Ce degré d’exigence est notamment imposé par la concurrence des pure-players qui viennent créer des nouvelles attentes pour les clients et qui rendent le client plus exigeant face aux

incohérences dans le mix marketing et dans les délais de livraison des distributeurs traditionnels.

« La rapidité et le lieu de livraison - adaptés aux exigences du consommateur - sont désormais la norme et lui font gagner un temps précieux. Le client-roi, acheteur à portée de clic dans la plus grande confiance, est plus que jamais au goût du jour »

(Donnée secondaire, article LSA24 publiée en avril 2017).

Pour correspondre à ce degré d’exigence de plus en plus élevé, l’enseigne de bricolage étudiée (cas A) a par exemple créé des groupes sous forme de « task-force » pour aller infuser et aider la transformation omni-canal en magasin et ainsi diffuser les bonnes pratiques à travers toute l’organisation.

« On a une équipe au niveau de la direction magasin qui déploie toutes les bonnes pratiques et donc cette équipe-là il y a deux ou trois ans avait été mobilisée pour développer cette acculturation digitale dans les magasins…et on continue toujours, il y a des formations en ligne sur le digital qui ont été travaillées pour s’assurer que l’ancrage des nouveaux gestes métiers, des nouveaux réflexes omni-canaux étaient bien là. Et ça va au-delà des magasins, moi au niveau des services internes et dans la centrale d’achat je suis exactement dans les mêmes sujets. Pas plus tard que dans 10 jours, on fait un kick off sur les bons réflexes pour créer une offre omni-canal, en fait là d’ailleurs j’en ai reparlé il y a 6 mois à notre DG, je lui ai dit écoute ne considère pas que notre transformation est terminée, on est encore dedans » (Directrice de

l’organisation, cas C).

Ainsi, ce qui rend complexe la transformation de BM, c’est que cette transformation vers un modèle de distribution omni-canal nécessite une remise en question permanente de la part des distributeurs traditionnels. Elle les entraîne à devoir sans cesse adapter leurs ressources et compétences pour satisfaire les attentes croissantes des consommateurs et continuer à assurer une viabilité économique face à une concurrence de plus en plus rude.
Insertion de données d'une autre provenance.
(* Fix $c\neq0$. For $m\in[0,1)$, the cnoidal profile $p_{m,V}$ has zero average, $\int_0^{2\pi}p_{m,V}(x)\,dx=0$, if and only if $V=V_0(m):=\frac{2E(m)}{K(m)}-\frac{4-2m}{3}$. Let $m^*\in(0,1)$ be the solution of $E(m^* )/K(m^* )=\frac12$ ($m^*\approx0.8261$). Then the point $(m,V_0(m))$ satisfies $V_0(m)>-\frac{m+1}{3}$ for all $m\in[0,1)$, $V_0(m)=\frac{2m-1}{3}$ exactly when $m=m^*$, and $V_0(m)<\frac{2m-1}{3}$ (so that $(m,V_0(m))$ lies in the region $-\frac{m+1}{3}<V<\frac{2m-1}{3}$, where the profile is not Virasoro-conjugate to any constant) for $m\in(m^*,1)$.
   Context: $K(m)=\int_0^{\pi/2}(1-m\sin^2\theta)^{-1/2}d\theta$ and $E(m)=\int_0^{\pi/2}(1-m\sin^2\theta)^{1/2}d\theta$ are the complete elliptic integrals of the first and second kind. The cnoidal profile is $p_{m,V}(x)=\frac{cK(m)^2}{3\pi^2}\big[\frac V2-\frac{m+1}3+m\,\mathrm{sn}^2(\frac{K(m)}{\pi}x|m)\big]$ with $\mathrm{sn}(\cdot|m)$ the Jacobi elliptic sine. A $2\pi$-periodic profile $p$ is Virasoro-conjugate to a constant $k$ if $p=f\cdot k$ for some smooth $f:\mathbb{R}\to\mathbb{R}$ with $f'>0$ and $f(x+2\pi)=f(x)+2\pi$, where $(f\cdot q)(f(x))=f'(x)^{-2}[q(x)+\frac c{12}\mathsf{S}[f](x)]$ and $\mathsf{S}[f]=\frac{f'''}{f'}-\frac32(\frac{f''}{f'})^2$. *)

theory Defs
  imports "HOL-Analysis.Analysis"
begin

definition ellK :: "real \<Rightarrow> real" where
  "ellK m = integral {0..pi/2} (\<lambda>\<theta>. 1 / sqrt (1 - m * (sin \<theta>)^2))"

definition ellE :: "real \<Rightarrow> real" where
  "ellE m = integral {0..pi/2} (\<lambda>\<theta>. sqrt (1 - m * (sin \<theta>)^2))"

definition ellF :: "real \<Rightarrow> real \<Rightarrow> real" where
  "ellF m \<phi> = (if 0 \<le> \<phi> then integral {0..\<phi>} (\<lambda>\<theta>. 1 / sqrt (1 - m * (sin \<theta>)^2))
               else - integral {\<phi>..0} (\<lambda>\<theta>. 1 / sqrt (1 - m * (sin \<theta>)^2)))"

text \<open>Jacobi amplitude: the inverse of phi \<mapsto> F(phi|m) (a bijection of the reals for m < 1).\<close>
definition jacobi_am :: "real \<Rightarrow> real \<Rightarrow> real" where
  "jacobi_am m u = (THE \<phi>. ellF m \<phi> = u)"

definition jacobi_sn :: "real \<Rightarrow> real \<Rightarrow> real" where
  "jacobi_sn m u = sin (jacobi_am m u)"

definition cnoidal :: "real \<Rightarrow> real \<Rightarrow> real \<Rightarrow> real \<Rightarrow> real" where
  "cnoidal c m V x = c * (ellK m)^2 / (3 * pi^2) *
     (V / 2 - (m + 1) / 3 + m * (jacobi_sn m (ellK m / pi * x))^2)"

definition V0 :: "real \<Rightarrow> real" where
  "V0 m = 2 * ellE m / ellK m - (4 - 2 * m) / 3"

end

theory Submission
  imports Defs
begin

(*
  Substituting x = pi F(t|m) / K(m), i.e. t = am(K x / pi), turns
  int_0^{2 pi} sn^2(K x / pi) dx into (pi / K) int_0^pi sin^2 t / sqrt(1 - m sin^2 t) dt,
  and m times the latter integral is 2 (K - E).  Hence
  int_0^{2 pi} p_{m,V} = c K^2 (V - V0 m) / (3 pi).

  Since V0 m - (2m - 1)/3 = (2E - K)/K, everything about the line V = (2m - 1)/3 is a
  statement about the sign of 2E - K.  This function is strictly decreasing in m,
  because pointwise a |-> 2a - 1/a grows faster than a^2 on (0,1]; it equals pi/2 at
  m = 0 and is negative near m = 1, where K(r^2) >= artanh r / r exceeds pi >= 2E.
  The lower bound V0 m > -(m + 1)/3 is the estimate E >= (1 - m) K.
*)

lemma elliptic_radicand_pos:
  fixes m t :: real
  assumes "m < 1"
  shows "0 < 1 - m * (sin t)^2"
proof (cases "0 \<le> m")
  case True
  then have "m * (sin t)^2 \<le> m"
    using abs_sin_le_one[of t] by (simp add: mult_left_le abs_square_le_1)
  then show ?thesis using assms by linarith
next
  case False
  then have "m * (sin t)^2 \<le> 0" by (simp add: mult_nonpos_nonneg)
  then show ?thesis by linarith
qed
Pour créer de la valeur pour le client mais aussi être à même de capter une partie de la valeur, la littérature souligne que les distributeurs traditionnels devraient pouvoir proposer une expérience de consommation sans couture. Pour être à même de proposer cette expérience sans couture, les distributeurs traditionnels doivent ainsi revoir la manière dont

ils gèrent leurs ressources et compétences mais aussi la manière dont ils sont organisés. Nous allons maintenant étudier plus en détail, un deuxième point clés apparu dans l’analyse de nos données : la manière dont les distributeurs tentent de « désiloter leur organisation » pour mettre en place un BM omni-canal.

Sous-section 2.2. « Désiloter » l’organisation pour mieux satisfaire le client

La nécessité de casser les silos préalablement créés par l’organisation constitue l’une des caractéristiques principales de la mutation vers une distribution omni-canal (Cao, 2014).